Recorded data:
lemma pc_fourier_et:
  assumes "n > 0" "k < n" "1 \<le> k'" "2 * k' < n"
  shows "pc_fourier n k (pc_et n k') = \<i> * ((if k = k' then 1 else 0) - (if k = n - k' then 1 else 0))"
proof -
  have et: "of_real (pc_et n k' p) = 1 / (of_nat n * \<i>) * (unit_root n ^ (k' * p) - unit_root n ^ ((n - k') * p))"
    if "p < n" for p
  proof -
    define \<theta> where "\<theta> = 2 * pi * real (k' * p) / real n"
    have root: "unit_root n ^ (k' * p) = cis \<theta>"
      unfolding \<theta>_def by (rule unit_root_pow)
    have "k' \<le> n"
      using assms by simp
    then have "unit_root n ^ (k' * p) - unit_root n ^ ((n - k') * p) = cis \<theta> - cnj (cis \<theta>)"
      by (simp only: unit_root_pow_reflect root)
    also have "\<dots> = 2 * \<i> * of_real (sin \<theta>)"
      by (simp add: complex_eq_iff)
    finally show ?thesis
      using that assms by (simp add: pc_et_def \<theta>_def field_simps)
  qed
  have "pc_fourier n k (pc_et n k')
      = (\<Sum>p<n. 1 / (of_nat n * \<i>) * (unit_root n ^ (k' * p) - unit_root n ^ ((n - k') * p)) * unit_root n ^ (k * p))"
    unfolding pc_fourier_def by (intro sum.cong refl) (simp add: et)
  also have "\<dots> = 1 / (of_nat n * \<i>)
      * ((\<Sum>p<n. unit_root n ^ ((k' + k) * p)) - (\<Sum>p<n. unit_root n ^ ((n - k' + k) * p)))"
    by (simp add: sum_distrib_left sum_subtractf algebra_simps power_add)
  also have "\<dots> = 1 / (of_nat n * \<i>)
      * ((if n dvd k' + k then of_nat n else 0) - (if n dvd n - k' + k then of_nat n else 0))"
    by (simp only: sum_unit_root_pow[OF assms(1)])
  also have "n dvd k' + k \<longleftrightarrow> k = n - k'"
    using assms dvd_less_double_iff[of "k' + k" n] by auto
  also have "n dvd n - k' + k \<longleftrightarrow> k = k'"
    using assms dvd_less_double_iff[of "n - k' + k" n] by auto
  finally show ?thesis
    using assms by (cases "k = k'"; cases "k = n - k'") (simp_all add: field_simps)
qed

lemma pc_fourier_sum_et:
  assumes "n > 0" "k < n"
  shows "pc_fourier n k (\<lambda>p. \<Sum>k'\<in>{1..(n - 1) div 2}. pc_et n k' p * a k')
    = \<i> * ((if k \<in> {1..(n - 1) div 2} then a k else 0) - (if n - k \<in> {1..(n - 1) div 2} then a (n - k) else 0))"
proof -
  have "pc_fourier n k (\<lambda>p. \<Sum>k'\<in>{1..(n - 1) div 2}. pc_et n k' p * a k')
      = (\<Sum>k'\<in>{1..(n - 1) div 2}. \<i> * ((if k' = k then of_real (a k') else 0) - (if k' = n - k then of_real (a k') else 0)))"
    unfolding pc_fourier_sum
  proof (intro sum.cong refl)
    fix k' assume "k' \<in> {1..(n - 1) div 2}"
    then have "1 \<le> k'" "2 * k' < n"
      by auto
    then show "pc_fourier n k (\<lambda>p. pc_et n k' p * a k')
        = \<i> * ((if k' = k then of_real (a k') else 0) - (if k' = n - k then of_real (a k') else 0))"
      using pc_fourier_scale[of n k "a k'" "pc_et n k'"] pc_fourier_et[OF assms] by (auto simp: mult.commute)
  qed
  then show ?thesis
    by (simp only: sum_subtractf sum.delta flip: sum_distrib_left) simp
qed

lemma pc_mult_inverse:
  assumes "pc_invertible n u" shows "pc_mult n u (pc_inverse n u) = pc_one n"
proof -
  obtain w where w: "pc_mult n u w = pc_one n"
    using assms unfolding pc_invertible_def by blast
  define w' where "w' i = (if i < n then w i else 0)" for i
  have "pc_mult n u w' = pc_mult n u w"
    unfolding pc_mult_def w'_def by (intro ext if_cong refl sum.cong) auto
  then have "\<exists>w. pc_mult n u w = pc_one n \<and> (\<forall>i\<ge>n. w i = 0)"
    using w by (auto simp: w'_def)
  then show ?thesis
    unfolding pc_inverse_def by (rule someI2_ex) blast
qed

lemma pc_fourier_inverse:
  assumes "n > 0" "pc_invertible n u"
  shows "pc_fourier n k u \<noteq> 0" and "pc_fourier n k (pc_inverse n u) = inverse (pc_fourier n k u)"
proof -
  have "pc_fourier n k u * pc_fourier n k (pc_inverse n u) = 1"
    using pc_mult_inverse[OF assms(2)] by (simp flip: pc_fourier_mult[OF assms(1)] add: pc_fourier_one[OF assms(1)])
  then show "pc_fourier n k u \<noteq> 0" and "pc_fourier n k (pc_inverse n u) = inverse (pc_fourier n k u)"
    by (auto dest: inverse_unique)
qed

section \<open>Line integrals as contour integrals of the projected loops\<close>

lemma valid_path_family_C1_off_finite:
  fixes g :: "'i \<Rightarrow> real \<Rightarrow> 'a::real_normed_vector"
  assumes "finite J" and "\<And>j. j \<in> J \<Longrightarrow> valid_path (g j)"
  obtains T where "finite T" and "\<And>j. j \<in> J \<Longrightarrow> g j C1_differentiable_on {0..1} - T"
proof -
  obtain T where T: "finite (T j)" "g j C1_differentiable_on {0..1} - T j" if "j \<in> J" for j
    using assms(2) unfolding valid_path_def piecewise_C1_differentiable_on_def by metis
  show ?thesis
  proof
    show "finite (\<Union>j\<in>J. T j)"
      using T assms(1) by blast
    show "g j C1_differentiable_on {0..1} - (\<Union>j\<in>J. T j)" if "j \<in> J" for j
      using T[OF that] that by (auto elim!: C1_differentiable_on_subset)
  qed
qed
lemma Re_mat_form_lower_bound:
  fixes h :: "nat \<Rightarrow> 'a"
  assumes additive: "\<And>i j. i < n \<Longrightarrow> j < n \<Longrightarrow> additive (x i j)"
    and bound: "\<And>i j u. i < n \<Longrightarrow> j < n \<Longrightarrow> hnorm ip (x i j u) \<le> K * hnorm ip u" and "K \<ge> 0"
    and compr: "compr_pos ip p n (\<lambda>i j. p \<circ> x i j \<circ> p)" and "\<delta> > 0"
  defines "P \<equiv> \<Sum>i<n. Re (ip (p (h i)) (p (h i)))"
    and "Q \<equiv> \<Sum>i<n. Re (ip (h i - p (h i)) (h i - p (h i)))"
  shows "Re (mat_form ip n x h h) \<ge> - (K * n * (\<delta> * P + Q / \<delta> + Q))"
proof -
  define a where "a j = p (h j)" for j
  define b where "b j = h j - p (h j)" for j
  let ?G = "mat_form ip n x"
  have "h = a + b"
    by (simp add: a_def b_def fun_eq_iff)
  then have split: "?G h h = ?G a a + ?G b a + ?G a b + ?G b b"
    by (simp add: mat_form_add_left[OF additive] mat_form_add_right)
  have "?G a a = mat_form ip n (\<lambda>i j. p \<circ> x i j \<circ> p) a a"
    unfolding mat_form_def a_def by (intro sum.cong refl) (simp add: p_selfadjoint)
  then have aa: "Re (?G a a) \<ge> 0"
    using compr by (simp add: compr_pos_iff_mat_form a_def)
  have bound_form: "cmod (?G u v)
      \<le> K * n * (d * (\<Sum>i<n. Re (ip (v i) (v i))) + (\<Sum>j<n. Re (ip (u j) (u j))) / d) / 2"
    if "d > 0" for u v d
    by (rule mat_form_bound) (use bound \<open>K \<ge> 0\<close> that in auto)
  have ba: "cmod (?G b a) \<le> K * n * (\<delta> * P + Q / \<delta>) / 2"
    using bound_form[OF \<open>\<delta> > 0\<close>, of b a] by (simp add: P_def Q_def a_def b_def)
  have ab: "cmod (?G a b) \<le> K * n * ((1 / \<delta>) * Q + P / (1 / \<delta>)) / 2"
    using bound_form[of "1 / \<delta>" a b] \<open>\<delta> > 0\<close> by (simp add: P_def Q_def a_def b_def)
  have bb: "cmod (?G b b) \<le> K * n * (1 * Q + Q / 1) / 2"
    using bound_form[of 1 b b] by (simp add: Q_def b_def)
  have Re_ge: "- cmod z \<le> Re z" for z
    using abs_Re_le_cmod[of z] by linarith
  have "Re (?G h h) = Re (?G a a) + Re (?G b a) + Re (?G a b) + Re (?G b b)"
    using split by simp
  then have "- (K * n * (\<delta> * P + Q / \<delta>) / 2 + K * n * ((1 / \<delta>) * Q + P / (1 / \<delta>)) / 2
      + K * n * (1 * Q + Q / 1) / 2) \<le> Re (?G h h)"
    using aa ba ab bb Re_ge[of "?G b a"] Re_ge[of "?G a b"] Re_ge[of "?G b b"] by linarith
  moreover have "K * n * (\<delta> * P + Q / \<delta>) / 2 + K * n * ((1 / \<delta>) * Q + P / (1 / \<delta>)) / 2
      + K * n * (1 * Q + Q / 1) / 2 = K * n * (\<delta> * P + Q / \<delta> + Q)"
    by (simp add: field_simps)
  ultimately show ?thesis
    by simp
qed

**DIRECTIONS FOR THIS TASK**
Pick out all lines from the data above in which the word "circ" appears.

**WRITTEN SOLUTION**
    and compr: "compr_pos ip p n (\<lambda>i j. p \<circ> x i j \<circ> p)" and "\<delta> > 0"
  have "?G a a = mat_form ip n (\<lambda>i j. p \<circ> x i j \<circ> p) a a"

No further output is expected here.